I’m totally disorientated. This is a man I’ve known for years, and yet he’s a stranger. His touch makes me all wound up and twittery as if I’m with a movie star or some other celebrity, or just some man I’ve fancied for years and years but never actually met before.

I don’t think I’m “me” at all, either.

For the first time in our relationship, I follow him silently. Almost meekly. He looks over his shoulder, and winks, his smile slow and knowing as he heads for the stairs.

At first I think we’re heading for the dorms, empty now, out-of-term time, but within seconds I realize where we’re going. It’s the old music room, one of our favorite haunts from our time here. It was never used much, even back then, as they’d just refurbished a much larger room, with better acoustics, as a music laboratory.

It’s small, shabby, with stained wooden paneling adorned by a selection of dog-eared posters. A few rows of chairs, some askew now, facing the wrong way. There’s an air of forlorn neglect about the place, dim and dusty?but somehow, against the odds, a strange electricity too.

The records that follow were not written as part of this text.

(* If two coefficient vectors gave the same value, t = v1 / v2 would be a root of a nonzero
   polynomial over F_q, and hence t ^ q ^ m = t for some m > 0. The polynomial
   prod_{k<m} (X - t ^ q ^ k) is then fixed by the q-th power map, so its coefficients lie in F_q,
   and every automorphism of E over F sends t to some t ^ q ^ j. In particular any two of them
   commute on t. But SL(2, q) contains elements acting on t as t + x and as -1 / t; that these
   commute forces t (t + x) = 1 for every nonzero x in F_q, which is impossible for q > 2. *)

theory Submission
  imports Defs "HOL-Computational_Algebra.Primes"
begin

lemma power_char_power_diff:
  assumes "prime CHAR('a::comm_ring_1)" "Q = CHAR('a) ^ n"
  shows "(x - y :: 'a) ^ Q = x ^ Q - y ^ Q"
  using freshmans_dream'[OF assms, of "x - y" y] by simp

lemma power_char_power_inj:
  assumes "prime CHAR('a::idom)" "Q = CHAR('a) ^ n" "(x::'a) ^ Q = y ^ Q"
  shows "x = y"
  using power_char_power_diff[OF assms(1,2), of x y] assms(3) by simp

lemma power_char_power_minus:
  assumes "prime CHAR('a::comm_ring_1)" "Q = CHAR('a) ^ n"
  shows "(- x :: 'a) ^ Q = - (x ^ Q)"
proof -
  have "Q > 0" using assms prime_gt_0_nat by simp
  then show ?thesis using power_char_power_diff[OF assms, of 0 x] by (simp add: zero_power)
qed

lemma poly_power_char_power:
  fixes p :: "'a::comm_ring_1 poly"
  assumes "prime CHAR('a)" "Q = CHAR('a) ^ n" "\<And>i. coeff p i ^ Q = coeff p i"
  shows "poly p (x ^ Q) = poly p x ^ Q"
proof -
  have "poly p x ^ Q = (\<Sum>i\<le>degree p. (coeff p i * x ^ i) ^ Q)"
    unfolding poly_altdef by (rule freshmans_dream_sum'[OF assms(1,2)])
  also have "\<dots> = poly p (x ^ Q)"
    unfolding poly_altdef using assms(3)
    by (simp add: power_mult_distrib flip: power_mult) (simp add: mult.commute)
  finally show ?thesis by simp
qed

lemma map_poly_power_char_mult:
  assumes "prime CHAR('a::comm_ring_1)" "Q = CHAR('a) ^ n"
  shows "map_poly (\<lambda>x. x ^ Q) (f * g :: 'a poly) =
           map_poly (\<lambda>x. x ^ Q) f * map_poly (\<lambda>x. x ^ Q) g"
proof (rule poly_eqI)
  fix i
  have "Q > 0" using assms prime_gt_0_nat by simp
  then show "coeff (map_poly (\<lambda>x. x ^ Q) (f * g)) i =
               coeff (map_poly (\<lambda>x. x ^ Q) f * map_poly (\<lambda>x. x ^ Q) g) i"
    by (simp add: coeff_map_poly coeff_mult freshmans_dream_sum'[OF assms] power_mult_distrib zero_power)
qed

lemma map_poly_power_char_prod_linear:
  fixes m :: nat
  assumes "prime CHAR('a::comm_ring_1)" "Q = CHAR('a) ^ n"
  shows "map_poly (\<lambda>x. x ^ Q) (\<Prod>k<m. [:- a k, 1 :: 'a:]) = (\<Prod>k<m. [:- (a k ^ Q), 1:])"
proof (induction m)
  case (Suc m)
  have "Q > 0" using assms prime_gt_0_nat by simp
  then have "map_poly (\<lambda>x. x ^ Q) [:- a m, 1:] = [:- (a m ^ Q), 1:]"
    by (simp add: map_poly_pCons power_char_power_minus[OF assms] zero_power)
  with Suc show ?case by (simp only: prod.lessThan_Suc map_poly_power_char_mult[OF assms])
qed simp
instance ell2 :: (type) complete_space
proof
  fix X :: "nat \<Rightarrow> 'a ell2"
  assume "Cauchy X"
  define L where "L p = lim (\<lambda>n. coord (X n) p)" for p
  have coord_lim: "(\<lambda>n. coord (X n) p) \<longlonglongrightarrow> L p" for p
    using Cauchy_coord[OF \<open>Cauchy X\<close>] unfolding L_def
    by (simp add: Cauchy_convergent_iff convergent_LIMSEQ_iff)
  obtain M where tail: "\<And>n. n \<ge> M \<Longrightarrow> square_summable (\<lambda>p. coord (X n) p - L p)"
    and "\<And>n. n \<ge> M \<Longrightarrow> infsum (\<lambda>p. (coord (X n) p - L p)^2) UNIV \<le> 1^2"
    using Cauchy_tail_square_sum_le[OF \<open>Cauchy X\<close> coord_lim zero_less_one] by blast
  have "square_summable L"
    using square_summable_diff[OF square_summable_coord[of "X M"] tail[OF order_refl]] by simp
  then have coord_L: "coord (Abs_ell2 L) = L"
    by (rule coord_Abs_ell2)
  have "X \<longlonglongrightarrow> Abs_ell2 L"
  proof (rule metric_LIMSEQ_I)
    fix r :: real assume "r > 0"
    then have "r/2 > 0"
      by simp
    then obtain M where "\<And>n. n \<ge> M \<Longrightarrow> square_summable (\<lambda>p. coord (X n) p - L p)"
      and M: "\<And>n. n \<ge> M \<Longrightarrow> infsum (\<lambda>p. (coord (X n) p - L p)^2) UNIV \<le> (r/2)^2"
      using Cauchy_tail_square_sum_le[OF \<open>Cauchy X\<close> coord_lim] by blast
    have "dist (X n) (Abs_ell2 L) < r" if "n \<ge> M" for n
    proof -
      have "(norm (X n - Abs_ell2 L))^2 \<le> (r/2)^2"
        using M[OF that] by (simp add: norm_ell2_square coord_L)
      then have "norm (X n - Abs_ell2 L) \<le> r/2"
        using \<open>r > 0\<close> by (simp add: power2_le_iff_abs_le)
      then show ?thesis
        using \<open>r > 0\<close> by (simp add: dist_norm)
    qed
    then show "\<exists>M. \<forall>n\<ge>M. dist (X n) (Abs_ell2 L) < r"
      by blast
  qed
  then show "convergent X"
    by (auto simp: convergent_def)
qed
(* Let $b>0$, $m\in(0,1]$, let $h:J\to[0,\infty)$ with $(0,1)\subseteq J\subseteq\mathbb{R}$, $h\not\equiv0$, and $h^2$ Lebesgue integrable on $(0,1)$. Let $\varphi:[0,b]\to[0,b]$ and let $f:[0,b]\to\mathbb{R}$ be a Lebesgue measurable $\varphi_{h,m}$-convex function. Then for all $x,y\in[0,b]$ with $\varphi(x)\ne m\varphi(y)$, $$\frac{1}{m\varphi(y)-\varphi(x)}\int_{\varphi(x)}^{m\varphi(y)}f(u)\,f\big(\varphi(x)+m\varphi(y)-u\big)\,du\le\big[f^2(\varphi(x))+m^2f^2(\varphi(y))\big]\int_0^1h(t)h(1-t)\,dt+(m+1)\,f(\varphi(x))f(\varphi(y))\int_0^1h^2(t)\,dt.$$
   Context: Definition ($\varphi_{h,m}$-convexity). Let $b>0$, $m\in(0,1]$, $h:J\to[0,\infty)$ with $(0,1)\subseteq J$, $h\not\equiv 0$, and $\varphi:[0,b]\to[0,b]$. A function $f:[0,b]\to\mathbb{R}$ is called $\varphi_{h,m}$-convex if $f\ge 0$ and $f(t\varphi(x)+m(1-t)\varphi(y))\le h(t)f(\varphi(x))+m\,h(1-t)f(\varphi(y))$ for all $x,y\in[0,b]$, $t\in(0,1)$. Integrals over an interval with endpoints in reversed order are oriented, so the left-hand side is the average of a non-negative function over the interval between $\varphi(x)$ and $m\varphi(y)$ (a value in $[0,\infty]$). *)

theory Defs
  imports "HOL-Analysis.Analysis"
begin

text \<open>phi_{h,m}-convexity of f on [0,b] (f and phi are total functions; only values on
  [0,b] matter).\<close>
definition phi_hm_convex ::
  "real \<Rightarrow> real \<Rightarrow> (real \<Rightarrow> real) \<Rightarrow> (real \<Rightarrow> real) \<Rightarrow> (real \<Rightarrow> real) \<Rightarrow> bool" where
  "phi_hm_convex b m h \<phi> f \<longleftrightarrow>
     (\<forall>x\<in>{0..b}. 0 \<le> f x) \<and>
     (\<forall>x\<in>{0..b}. \<forall>y\<in>{0..b}. \<forall>t\<in>{0<..<1}.
        f (t * \<phi> x + m * (1 - t) * \<phi> y) \<le> h t * f (\<phi> x) + m * h (1 - t) * f (\<phi> y))"

end

theory Submission
  imports Defs
begin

Without looking back, James strides across the room and throws himself down on one of the chairs, facing the back of the room. He nods amiably to a rather bad-tempered portrait of Beethoven on the rear wall. He appears totally relaxed on the hard old chair, and in tight denim, his thighs and crotch look astounding.

Good God, he’s got an erection! Part of me can’t believe it. But there’s another part of me that was expecting it. I feel a shudder of response, between my legs, and suddenly I’m wetter than ever. If I shifted from foot to foot, I swear I’d squelch…and he’d hear it.

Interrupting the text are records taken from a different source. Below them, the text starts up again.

lemma left_deriv_convex_reflect:
  fixes \<phi> :: "real \<Rightarrow> real"
  assumes "convex_on UNIV \<phi>"
  shows "left_deriv \<phi> k = - right_deriv (\<lambda>x. \<phi> (- x)) (- k)"
proof -
  let ?R = "right_deriv (\<lambda>x. \<phi> (- x)) (- k)"
  have "((\<lambda>h. (\<phi> (- h) - \<phi> k) / (h + k)) \<longlongrightarrow> ?R) (at_right (- k))"
    using tendsto_right_deriv_convex(1)[OF convex_on_reflect[OF assms], of "- k"] by simp
  moreover have "(\<phi> (- h) - \<phi> k) / (- h - k) = - ((\<phi> (- h) - \<phi> k) / (h + k))" for h
    using divide_minus_right[of "\<phi> (- h) - \<phi> k" "h + k"] by simp
  ultimately have "((\<lambda>h. (\<phi> (- h) - \<phi> k) / (- h - k)) \<longlongrightarrow> - ?R) (at_right (- k))"
    by (simp add: tendsto_minus)
  then have "((\<lambda>h. (\<phi> h - \<phi> k) / (h - k)) \<longlongrightarrow> - ?R) (at_left k)"
    by (simp add: at_left_minus filterlim_filtermap)
  then show ?thesis
    unfolding left_deriv_def by (intro tendsto_Lim) auto
qed

section \<open>Comparing one-sided derivatives of convex minorants\<close>

lemma convex_minorant_support_le:
  assumes "convex_on UNIV m" "\<And>x. m x \<le> f x"
  shows "convex_minorant f k + right_deriv (convex_minorant f) k * (x - k) \<le> f x"
  using order_trans[OF right_deriv_convex_support[OF convex_on_convex_minorant[OF assms]]
      convex_minorant_le[OF assms]] .

context
  fixes f g mf mg :: "real \<Rightarrow> real" and a B :: real
  assumes mf: "convex_on UNIV mf" "\<And>x. mf x \<le> f x"
    and mg: "convex_on UNIV mg" "\<And>x. mg x \<le> g x"
    and up: "\<And>x y. x \<le> y \<Longrightarrow> (g y - f y) - (g x - f x) \<le> a * (y - x)"
    and lo: "\<And>x y. x \<le> y \<Longrightarrow> - (B * (y - x)) \<le> (g y - f y) - (g x - f x)"
begin

lemma convex_minorant_gap_of_right_deriv_gt:
  assumes "right_deriv (convex_minorant f) k + a < right_deriv (convex_minorant g) k"
  shows "convex_minorant f k + (g k - f k) \<le> convex_minorant g k"
proof (rule ccontr)
  define \<phi> where "\<phi> = convex_minorant f"
  define \<psi> where "\<psi> = convex_minorant g"
  define r where "r = right_deriv \<phi> k + a"
  define s where "s = right_deriv \<psi> k"
  define \<eta> where "\<eta> = \<phi> k + (g k - f k) - \<psi> k"
  define \<epsilon> where "\<epsilon> = \<eta> * (s - r) / (s - r + (a + B))"
  assume "\<not> convex_minorant f k + (g k - f k) \<le> convex_minorant g k"
  then have "0 < \<eta>"
    by (simp add: \<eta>_def \<phi>_def \<psi>_def)
  have "0 < s - r"
    using assms by (simp add: r_def s_def \<phi>_def \<psi>_def)
  have aB: "0 \<le> a + B"
    using up[of k "k + 1"] lo[of k "k + 1"] by simp
  then have \<epsilon>: "0 < \<epsilon>" "\<epsilon> \<le> \<eta>" "\<epsilon> * (a + B) = (\<eta> - \<epsilon>) * (s - r)"
    using \<open>0 < \<eta>\<close> \<open>0 < s - r\<close> mult_nonneg_nonneg[OF less_imp_le[OF \<open>0 < \<eta>\<close>] aB]
    by (auto simp: \<epsilon>_def field_simps)
  have \<phi>: "\<phi> k + (r - a) * (x - k) \<le> f x" for x
    using convex_minorant_support_le[OF mf] by (simp add: r_def \<phi>_def)
  have \<psi>: "\<psi> k + s * (x - k) \<le> g x" for x
    using convex_minorant_support_le[OF mg] by (simp add: s_def \<psi>_def)
  have "\<psi> k + \<epsilon> + r * (x - k) \<le> g x" for x
  proof (cases "x \<le> k")
    case True
    then show ?thesis
      using up[OF True] \<phi>[of x] \<epsilon>(2) by (simp add: \<eta>_def algebra_simps)
  next
    case False
    show ?thesis
    proof (cases "\<epsilon> \<le> (s - r) * (x - k)")
      case True
      then show ?thesis
        using \<psi>[of x] by (simp add: algebra_simps)
    next
      case False
      \<comment> \<open>Close to k the lower bound for g inherited from f through the B-Lipschitz bound takes over;
        \<epsilon> was chosen to make the two regimes meet.\<close>
      have "(a + B) * (x - k) * (s - r) = (a + B) * ((s - r) * (x - k))"
        by (simp add: ac_simps)
      also have "\<dots> \<le> (a + B) * \<epsilon>"
        using False aB by (intro mult_left_mono) auto
      also have "\<dots> = (\<eta> - \<epsilon>) * (s - r)"
        using \<epsilon>(3) by (simp add: mult.commute)
      finally have "(a + B) * (x - k) \<le> \<eta> - \<epsilon>"
        using \<open>0 < s - r\<close> by (rule mult_right_le_imp_le)
      then show ?thesis
        using lo[of k x] \<open>\<not> x \<le> k\<close> \<phi>[of x] by (simp add: \<eta>_def algebra_simps)
    qed
  qed
  then have "\<psi> k + \<epsilon> + r * (k - k) \<le> \<psi> k"
    unfolding \<psi>_def by (intro convex_minorant_greatest convex_on_affine)
  with \<epsilon>(1) show False
    by simp
qed

lemma right_deriv_convex_minorant_le:
  "right_deriv (convex_minorant g) k \<le> right_deriv (convex_minorant f) k + a"
proof (rule ccontr)
  define \<phi> where "\<phi> = convex_minorant f"
  define \<psi> where "\<psi> = convex_minorant g"
  define t where "t = right_deriv \<phi> k"
  define s where "s = right_deriv \<psi> k"
  assume "\<not> right_deriv (convex_minorant g) k \<le> right_deriv (convex_minorant f) k + a"
  then have ts: "t + a < s"
    by (simp add: s_def t_def \<phi>_def \<psi>_def)
  then have gap: "\<phi> k + (g k - f k) \<le> \<psi> k"
    using convex_minorant_gap_of_right_deriv_gt by (simp add: s_def t_def \<phi>_def \<psi>_def)
  have \<phi>_convex: "convex_on UNIV \<phi>"
    using convex_on_convex_minorant[OF mf] by (simp add: \<phi>_def)
  have line: "\<phi> k + (s - a) * (x - k) \<le> f x" for x
  proof (cases "k \<le> x")
    case True
    then show ?thesis
      using up[OF True] gap convex_minorant_support_le[OF mg, of k x] by (simp add: s_def \<psi>_def algebra_simps)
  next
    case False
    then have "(s - a) * (x - k) \<le> t * (x - k)"
      using ts by (intro mult_right_mono_neg) auto
    then show ?thesis
      using convex_minorant_support_le[OF mf, of k x] by (simp add: t_def \<phi>_def)
  qed
  have "\<phi> k + (s - a) * (x - k) \<le> \<phi> x" for x
    using convex_minorant_greatest[OF convex_on_affine line] by (simp add: \<phi>_def)
  then have "s - a \<le> t"
    unfolding t_def by (intro right_deriv_convex_ge[OF \<phi>_convex])
  with ts show False
    by simp
qed

end

lemma left_deriv_convex_minorant_le:
  fixes f g :: "real \<Rightarrow> real"
  assumes mf: "convex_on UNIV mf" "\<And>x. mf x \<le> f x"
    and mg: "convex_on UNIV mg" "\<And>x. mg x \<le> g x"
    and up: "\<And>x y. x \<le> y \<Longrightarrow> (g y - f y) - (g x - f x) \<le> a * (y - x)"
    and lo: "\<And>x y. x \<le> y \<Longrightarrow> - (B * (y - x)) \<le> (g y - f y) - (g x - f x)"
  shows "left_deriv (convex_minorant g) k \<le> left_deriv (convex_minorant f) k + a"
proof -
  let ?f = "\<lambda>x. f (- x)" and ?g = "\<lambda>x. g (- x)"
  have "right_deriv (convex_minorant ?f) (- k) \<le> right_deriv (convex_minorant ?g) (- k) + a"
  proof (rule right_deriv_convex_minorant_le)
    show "convex_on UNIV (\<lambda>x. mg (- x))" "convex_on UNIV (\<lambda>x. mf (- x))"
      using convex_on_reflect mf(1) mg(1) by blast+
    show "mg (- x) \<le> ?g x" "mf (- x) \<le> ?f x" for x
      using mf(2) mg(2) by blast+
    show "(?f y - ?g y) - (?f x - ?g x) \<le> a * (y - x)" if "x \<le> y" for x y
      using up[of "- y" "- x"] that by (simp add: algebra_simps)
    show "- (B * (y - x)) \<le> (?f y - ?g y) - (?f x - ?g x)" if "x \<le> y" for x y
      using lo[of "- y" "- x"] that by (simp add: algebra_simps)
  qed
  moreover have "convex_minorant ?f = (\<lambda>x. convex_minorant f (- x))"
    "convex_minorant ?g = (\<lambda>x. convex_minorant g (- x))"
    by (simp_all add: convex_minorant_reflect fun_eq_iff)
  ultimately show ?thesis
    using left_deriv_convex_reflect convex_on_convex_minorant[OF mf] convex_on_convex_minorant[OF mg]
    by simp
qed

What’s going on? What’s going on? My heart thuds hard, and it’s like there’s a tightening band of iron around my chest.

“Don’t stand over there, love. Come closer, where I can see you.”

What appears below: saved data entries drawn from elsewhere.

lemma dag_size_pos: "0 < dag_size \<phi>"
  unfolding dag_size_def using finite_subforms self_in_subforms card_gt_0_iff by blast

lemma subforms_subst:
  "subforms (subst \<sigma> \<phi>) \<subseteq> subst \<sigma> ` subforms \<phi> \<union> (\<Union>v\<in>vars \<phi>. subforms (\<sigma> v))"
  by (induction \<phi>) fastforce+

definition definable :: "bfun set \<Rightarrow> ((nat \<Rightarrow> bool) \<Rightarrow> bool) \<Rightarrow> bool" where
  "definable Ops F \<longleftrightarrow> (\<exists>\<psi>. in_PL Ops \<psi> \<and> (\<forall>V. eval V \<psi> = F V))"

lemma definable_Var: "definable Ops (\<lambda>V. V x)"
  unfolding definable_def by (intro exI[of _ "Var x"]) auto

lemma definable_subst:
  assumes "definable Ops F" "\<And>v. definable Ops (G v)"
  shows "definable Ops (\<lambda>V. F (\<lambda>v. G v V))"
proof -
  obtain \<psi> where \<psi>: "in_PL Ops \<psi>" "\<And>V. eval V \<psi> = F V"
    using assms(1) unfolding definable_def by blast
  obtain \<sigma> where \<sigma>: "\<And>v. in_PL Ops (\<sigma> v)" "\<And>v V. eval V (\<sigma> v) = G v V"
    using assms(2) unfolding definable_def by metis
  show ?thesis unfolding definable_def
    by (intro exI[of _ "subst \<sigma> \<psi>"]) (simp add: in_PL_subst \<psi> \<sigma> eval_subst)
qed

definition definable3 :: "bfun set \<Rightarrow> (bool \<Rightarrow> bool \<Rightarrow> bool \<Rightarrow> bool) \<Rightarrow> bool" where
  "definable3 Ops f \<longleftrightarrow> definable Ops (\<lambda>V. f (V 0) (V 1) (V 2))"

lemma definable3_subst:
  assumes "definable Ops F" "\<And>v. definable3 Ops (\<sigma> v)"
  shows "definable3 Ops (\<lambda>x y z. F (\<lambda>v. \<sigma> v x y z))"
  using definable_subst[OF assms(1), of "\<lambda>v V. \<sigma> v (V 0) (V 1) (V 2)"] assms(2)
  unfolding definable3_def by simp

lemma definable3_arg1: "definable3 Ops (\<lambda>x y z. x)"
  and definable3_arg2: "definable3 Ops (\<lambda>x y z. y)"
  and definable3_arg3: "definable3 Ops (\<lambda>x y z. z)"
  unfolding definable3_def by (rule definable_Var)+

I jump, and stare around like a startled rabbit, realizing that I’ve been standing at the door as if waiting for permission to move farther into the room.

Me, wait for permission? My legs feel weak, they’ll barely carry me, but I obey him and stride toward the haphazard line of chairs. I feel as if I’m floating, and my head’s gone all light. Something very strange is happening to me, and I can barely look at James, much less meet his eyes.

When I make as if to move toward a chair, the one next to him, he goes, “Uh-uh…” and shakes his head. I do meet his eyes then, and they’re fiery, electric blue, yet dark.